### Action item
Write out each line of the records that has "auto" in it.

** Entries shown follows **

lemma exchange_step:
  fixes d :: "nat set \<Rightarrow> int"
  assumes edges: "\<forall>e\<in>E. \<exists>i j. e = {i, j} \<and> i \<in> {1..n} \<and> j \<in> {1..n}"
    and e0: "e0 \<in> E" "0 < d e0" "even (d e0)"
    and p: "is_minimizer n k E c d M (vec UP WP)" "is_potential n k E d M (vec UP WP)"
    and q: "is_minimizer n k E c (d(e0 := d e0 - 1)) M (vec UQ WQ)"
      "is_potential n k E (d(e0 := d e0 - 1)) M (vec UQ WQ)"
    and i0: "i0 \<in> {1..n}" "3 \<le> max \<bar>UQ i0 - UP i0\<bar> \<bar>WQ i0 - WP i0\<bar>"
    and far: "\<forall>i\<in>{1..n}. max \<bar>UQ i - UP i\<bar> \<bar>WQ i - WP i\<bar> \<le> max \<bar>UQ i0 - UP i0\<bar> \<bar>WQ i0 - WP i0\<bar>"
  shows "\<exists>q'. is_minimizer n k E c (d(e0 := d e0 - 1)) M q' \<and>
    (\<Sum>i\<in>{1..n}. grid_norm (vec UP WP i) (q' i)) \<le> (\<Sum>i\<in>{1..n}. grid_norm (vec UP WP i) (vec UQ WQ i)) - 1"
proof -
  define d1 where "d1 = d(e0 := d e0 - 1)"
  define m where "m = max \<bar>UQ i0 - UP i0\<bar> \<bar>WQ i0 - WP i0\<bar>"
  obtain a b where ab: "e0 = {a, b}" "a \<in> {1..n}" "b \<in> {1..n}" using edges e0(1) by blast
  have "2 \<le> d e0" using e0(2,3) by presburger
  then have "4 \<le> 2 * d e0" by simp
  moreover have "grid_gap (vec UQ WQ a) (vec UQ WQ b) \<le> of_int (2 * d1 {a, b})"
    "grid_gap (vec UP WP a) (vec UP WP b) \<le> of_int (2 * d {a, b})"
    using p(2) q(2) e0(1) unfolding is_potential_iff ab(1) d1_def by blast+
  then have "grid_gap (vec UQ WQ a) (vec UQ WQ b) \<le> of_int (2 * d e0 - 2)"
    "grid_gap (vec UP WP a) (vec UP WP b) \<le> of_int (2 * d e0)"
    unfolding d1_def ab(1) by simp_all
  moreover have "WQ a \<le> UQ a" "WQ b \<le> UQ b"
    using q(2) ab(2,3) unfolding is_potential_iff anchored_vec_iff by auto
  ultimately obtain l where l: "l \<in> {1, m}"
    "grid_gap (step_toward l UQ WQ UP WP a) (step_toward l UQ WQ UP WP b) \<le> of_int (2 * d e0 - 2)"
    using grid_gap_step_toward_tight[of m "2 * d e0" a b UQ WQ UP WP] i0 far ab(2,3)
    unfolding m_def by auto
  have l1: "1 \<le> l" and lm: "l \<le> m" using l(1) i0(2) unfolding m_def by auto
  have "\<forall>e\<in>E. d1 e \<le> d e" unfolding d1_def by simp
  then have p': "is_potential n k E d M (step_toward l UP WP UQ WQ)"
    using potential_step_toward[OF l1 edges] p(2) q(2) unfolding d1_def by blast
  have q': "is_potential n k E d1 M (step_toward l UQ WQ UP WP)"
    using potential_step_toward_lowered_edge[OF l1 edges ab(1) q(2) p(2) l(2)] unfolding d1_def .
  have "is_minimizer n k E c d1 M (step_toward l UQ WQ UP WP)"
    using minimizer_exchange[OF p q[folded d1_def] grid_vec_step_toward p' grid_vec_step_toward q']
      cost_step_toward_swap[OF l1] by (simp add: add.commute)
  moreover have "(\<Sum>i\<in>{1..n}. grid_norm (vec UP WP i) (step_toward l UQ WQ UP WP i))
      \<le> (\<Sum>i\<in>{1..n}. grid_norm (vec UP WP i) (vec UQ WQ i)) - 1"
    using sum_grid_norm_step_toward[OF l1 i0(1)] lm unfolding m_def by blast
  ultimately show ?thesis unfolding d1_def by blast
qed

** End of Entries shown **

### Output for this exercise
    using q(2) ab(2,3) unfolding is_potential_iff anchored_vec_iff by auto
    unfolding m_def by auto
  have l1: "1 \<le> l" and lm: "l \<le> m" using l(1) i0(2) unfolding m_def by auto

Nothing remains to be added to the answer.